Pieta Brown – Remember the Sun
The first thing you notice is the sound. Low rumbling guitar chords, sighing violin or viola, a pulsating, pounding drum beat. Pieta Brown, in partnership with guitarist Bo Ramsey, knows how to make records that breathe with emotional resonance.
Then there’s her singing. Over the course of four albums now, you can hear her getting more and more comfortable as a vocalist. She knows her limitations and where the notes are less likely to be hit straight on target. She has figured out how to work around this, how to use phrasing to enrich a simple melody.
Finally, there is the songwriting. Brown captures feelings through somewhat oblique and personal images combined with universal ideas.
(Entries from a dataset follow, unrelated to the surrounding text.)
lemma phi_relations_supported_on_Bset_eq_0:
  fixes \<alpha> :: "nat \<Rightarrow> ('n::finite \<Rightarrow> 'k::field)"
  assumes inf: "infinite (UNIV :: 'k set)" and inj: "inj_on \<alpha> {..<N}"
    and nonzero: "\<And>i. i < N \<Longrightarrow> \<alpha> i \<noteq> 0"
    and c: "c \<in> phi_relations \<alpha> N" "c \<in> supported_on (Bset \<alpha> N)"
  shows "c = 0"
proof
  fix b
  have "\<forall>x\<in>regular_set \<alpha> N. (\<Sum>b\<in>Bset \<alpha> N. c b * phi \<alpha> b x) = 0"
    using c by (simp add: phi_relations_def sum_calB_supported_on_Bset)
  then show "c b = 0 b"
    using Bset_phi_independent[OF inf inj nonzero] c(2)
    by (cases "b \<in> Bset \<alpha> N") (auto simp: supported_on_def)
qed

lemma phi_relations_eq_span_os_relations:
  fixes \<alpha> :: "nat \<Rightarrow> ('n::finite \<Rightarrow> 'k::field)"
  assumes inf: "infinite (UNIV :: 'k set)" and inj: "inj_on \<alpha> {..<N}"
    and nonzero: "\<And>i. i < N \<Longrightarrow> \<alpha> i \<noteq> 0"
  shows "phi_relations \<alpha> N = Free.span (os_relations \<alpha> N)"
proof
  show "Free.span (os_relations \<alpha> N) \<subseteq> phi_relations \<alpha> N"
    using inj by (rule span_os_relations_subset)
  show "phi_relations \<alpha> N \<subseteq> Free.span (os_relations \<alpha> N)"
  proof
    fix c
    assume c: "c \<in> phi_relations \<alpha> N"
    then obtain r where r: "r \<in> Free.span (os_relations \<alpha> N)" "c - r \<in> supported_on (Bset \<alpha> N)"
      using supported_calB_decompose[OF inj] by (auto simp: phi_relations_def)
    have "c - r \<in> phi_relations \<alpha> N"
      using c r(1) span_os_relations_subset[OF inj] Free.subspace_diff[OF subspace_phi_relations]
      by blast
    then have "c - r = 0"
      using phi_relations_supported_on_Bset_eq_0[OF inf inj nonzero _ r(2)] by blast
    then show "c \<in> Free.span (os_relations \<alpha> N)"
      using r(1) by simp
  qed
qed

lemma phi_in_span_Bset:
  assumes inj: "inj_on \<alpha> {..<N}" and \<sigma>: "\<sigma> \<in> calB \<alpha> N"
  shows "\<exists>c. \<forall>x\<in>regular_set \<alpha> N. phi \<alpha> \<sigma> x = (\<Sum>b\<in>Bset \<alpha> N. c b * phi \<alpha> b x)"
proof -
  have "bracket \<sigma> \<in> supported_on (calB \<alpha> N)"
    using \<sigma> by (auto simp: supported_on_def bracket_def)
  then obtain r where r: "r \<in> Free.span (os_relations \<alpha> N)"
    and d: "bracket \<sigma> - r \<in> supported_on (Bset \<alpha> N)"
    using supported_calB_decompose[OF inj] by blast
  have rel: "r \<in> phi_relations \<alpha> N"
    using r span_os_relations_subset[OF inj] by blast
  show ?thesis
  proof (intro exI ballI)
    fix x
    assume x: "x \<in> regular_set \<alpha> N"
    have "phi \<alpha> \<sigma> x = (\<Sum>\<tau>\<in>calB \<alpha> N. bracket \<sigma> \<tau> * phi \<alpha> \<tau> x)"
      using \<sigma> by (simp add: sum_bracket finite_calB)
    also have "\<dots> = (\<Sum>\<tau>\<in>calB \<alpha> N. (bracket \<sigma> - r) \<tau> * phi \<alpha> \<tau> x)
        + (\<Sum>\<tau>\<in>calB \<alpha> N. r \<tau> * phi \<alpha> \<tau> x)"
      by (simp add: algebra_simps sum_subtractf)
    also have "(\<Sum>\<tau>\<in>calB \<alpha> N. r \<tau> * phi \<alpha> \<tau> x) = 0"
      using rel x by (simp add: phi_relations_def)
    also have "(\<Sum>\<tau>\<in>calB \<alpha> N. (bracket \<sigma> - r) \<tau> * phi \<alpha> \<tau> x)
        = (\<Sum>b\<in>Bset \<alpha> N. (bracket \<sigma> - r) b * phi \<alpha> b x)"
      by (rule sum_calB_supported_on_Bset[OF d])
    finally show "phi \<alpha> \<sigma> x = (\<Sum>b\<in>Bset \<alpha> N. (bracket \<sigma> - r) b * phi \<alpha> b x)"
      by simp
  qed
qed

theorem mainTheorem9:
  fixes \<alpha> :: "nat \<Rightarrow> ('n::finite \<Rightarrow> 'k::field_char_0)" and N :: nat
  assumes inj: "inj_on \<alpha> {..<N}"
    and nonzero: "\<And>i. i < N \<Longrightarrow> \<alpha> i \<noteq> 0"
    and spanning: "module.span vscale (\<alpha> ` {..<N}) = UNIV"
  shows "(\<forall>c :: nat set \<Rightarrow> 'k.
            (\<forall>x\<in>regular_set \<alpha> N. (\<Sum>b\<in>Bset \<alpha> N. c b * phi \<alpha> b x) = 0)
            \<longrightarrow> (\<forall>b\<in>Bset \<alpha> N. c b = 0))
       \<and> (\<forall>\<sigma>\<in>calB \<alpha> N. \<exists>c :: nat set \<Rightarrow> 'k.
            \<forall>x\<in>regular_set \<alpha> N. phi \<alpha> \<sigma> x = (\<Sum>b\<in>Bset \<alpha> N. c b * phi \<alpha> b x))
       \<and> {c :: nat set \<Rightarrow> 'k. (\<forall>\<tau>. \<tau> \<notin> calB \<alpha> N \<longrightarrow> c \<tau> = 0) \<and>
            (\<forall>x\<in>regular_set \<alpha> N. (\<Sum>\<sigma>\<in>calB \<alpha> N. c \<sigma> * phi \<alpha> \<sigma> x) = 0)}
         = module.span fscale
             {os_rel \<alpha> \<sigma> a | \<sigma> a. \<sigma> \<in> calB \<alpha> N \<and> a < N \<and> a \<notin> \<sigma>}"
proof -
  have inf: "infinite (UNIV :: 'k set)"
    by (rule infinite_UNIV_char_0)
  show ?thesis
    using Bset_phi_independent[OF inf inj nonzero] phi_in_span_Bset[OF inj]
      phi_relations_eq_span_os_relations[OF inf inj nonzero]
    by (auto simp: phi_relations_def supported_on_def os_relations_def)
qed

end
Thus we get the yearning of “West Monroe” for an escape from an all-too-familiar life; we are given the quiet contemplation of “Song For A Friend”, in which we can never tell whether the friend exists outside of her mind; and we are knocked down by the intense passions of “Sonic Boom” as Brown tries to figure out just what happened when she got that close.
Most of all, we are entranced by the absolutely perfect “In My Mind I Was Talkin’ To Loretta”. Here, as Ramsey plays a twangy guitar lick, we are set up to ponder the relationship of real life to that of song, and how much easier it is to listen to a wonderful old record than it is to contact an old friend.
Of course, the record just might offer more sense of connection. That’s a big part of the mystery of music, which Brown delivers here with greater clarity than she has to date.